Good Startup (noun, adjective) = adds value, solves a problem, sustainable model, makes money, good team.
Bad Startup (noun, adjective) = adds little value, doesn’t solve a problem, unsustainable model, may or may not make money, stokes an investor’s emotion instead of solving a problem.
VCs are trying to label you as efficiently and accurately as possible as either Good Startup or Bad Startup.
The Phenomena
A lot of Good Startups don’t get funded.
Many Bad Startups get funded.
So, if VCs are so smart, shouldn’t they be able to recognize Good Startups versus Bad Startups before making an investment decision?
Not always.
Reason 1: A Good Startup with a founder who does not effectively communicate why his/her startup is a Good Startup won’t get serious consideration from a VC.

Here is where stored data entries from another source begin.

theorem mainTheorem3:
  fixes n N :: nat
    and a :: "nat \<Rightarrow> complex" and b c :: "nat \<Rightarrow> complex vec"
    and Q :: "nat \<Rightarrow> complex mat" and y :: "nat \<Rightarrow> complex"
    and xbar :: "complex vec" and Xt :: "complex mat" and lam \<epsilon> :: real
  assumes "n \<ge> 1" and "N \<ge> 1"
    and "\<And>i. i < N \<Longrightarrow> b i \<in> carrier_vec n"
    and "\<And>i. i < N \<Longrightarrow> c i \<in> carrier_vec n"
    and "\<And>i. i < N \<Longrightarrow> Q i \<in> carrier_mat n n"
    and "sparsest_solution n N a b c Q y xbar"
    and "lam \<ge> 0"
    and "QBP_optimal n N a b c Q y lam Xt"
    and "vec_space.rank (n+1) Xt = 1"
    and "\<epsilon> < 1"
    and "RIP n N a b c Q \<epsilon> (2 * mzero_norm Xt)"
  shows "Xt = lift_outer xbar"
proof -
  note carriers = assms(3-5)
  have "QBP_feasible n N a b c Q y Xt" using assms(8) unfolding QBP_optimal_def by blast
  then obtain xt where Xt: "Xt = lift_outer xt" and feas_xt: "P_feasible n N a b c Q y xt"
    using QBP_feasible_rank_one_lift_outer carriers assms(9) by (metis order.refl)
  have feas_xbar: "P_feasible n N a b c Q y xbar"
    and "vzero_norm xbar \<le> vzero_norm xt"
    using assms(6) feas_xt unfolding sparsest_solution_def by auto
  moreover have xbar: "xbar \<in> carrier_vec n" and xt: "xt \<in> carrier_vec n"
    using feas_xbar feas_xt unfolding P_feasible_def by auto
  ultimately have "mzero_norm (lift_outer xbar) \<le> mzero_norm Xt"
    unfolding Xt mzero_norm_lift_outer[OF xbar] mzero_norm_lift_outer[OF xt] by (simp add: power_mono)
  then have "mzero_norm (lift_outer xbar - Xt) \<le> 2 * mzero_norm Xt"
    using mzero_norm_minus_le[OF lift_outer_carrier[OF xbar] lift_outer_carrier[OF xt]] Xt by simp
  moreover have "B_norm n N a b c Q (lift_outer xbar - Xt) = 0"
    using B_norm_minus_eq_0 lift_outer_carrier[OF xbar] lift_outer_carrier[OF xt]
      P_feasible_lift_outer_constraint[OF feas_xbar] P_feasible_lift_outer_constraint[OF feas_xt]
      carriers Xt by metis
  ultimately have "lift_outer xbar - Xt = 0\<^sub>m (n+1) (n+1)"
    using RIP_sparse_kernel_trivial assms(10, 11) lift_outer_carrier[OF xbar] lift_outer_carrier[OF xt] Xt
    by (metis minus_carrier_mat less_eq_real_def)
  then show ?thesis
    using mat_minus_eq_0_iff lift_outer_carrier[OF xbar] lift_outer_carrier[OF xt] Xt by metis
qed

end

I once passed on a Startup that became a Unicorn less than 3 years later because the Founder couldn’t effectively explain how his business model was sustainable during our first two meetings.
Reason 2: VCs rely on referrals and first, second and tenth impressions. Sometimes, VCs simply get fooled or caught up in the excitement of an opportunity (i.e.: Elizabeth Holmes & Theranos).
Other times, the Founder of a Bad Startup is simply well-coached, well-connected and well-spoken.
Reason 3: The VC doesn’t truly “see how the sausage is made” until after the check is written.
But, by then, the VC is already on board and along for the ride and will be more likely to deploy more capital to try to fix the problem rather than cut ties and move on from a bad investment.
Reason 4: There are many new VC funds investing in areas where there is no domain expertise. These investors struggle to assess whether a product adds true value and solves a real problem.
Reason 5: There are a lot of new VC funds that are less experienced in due diligence and deal-making altogether. It’s never been easier to raise a fund.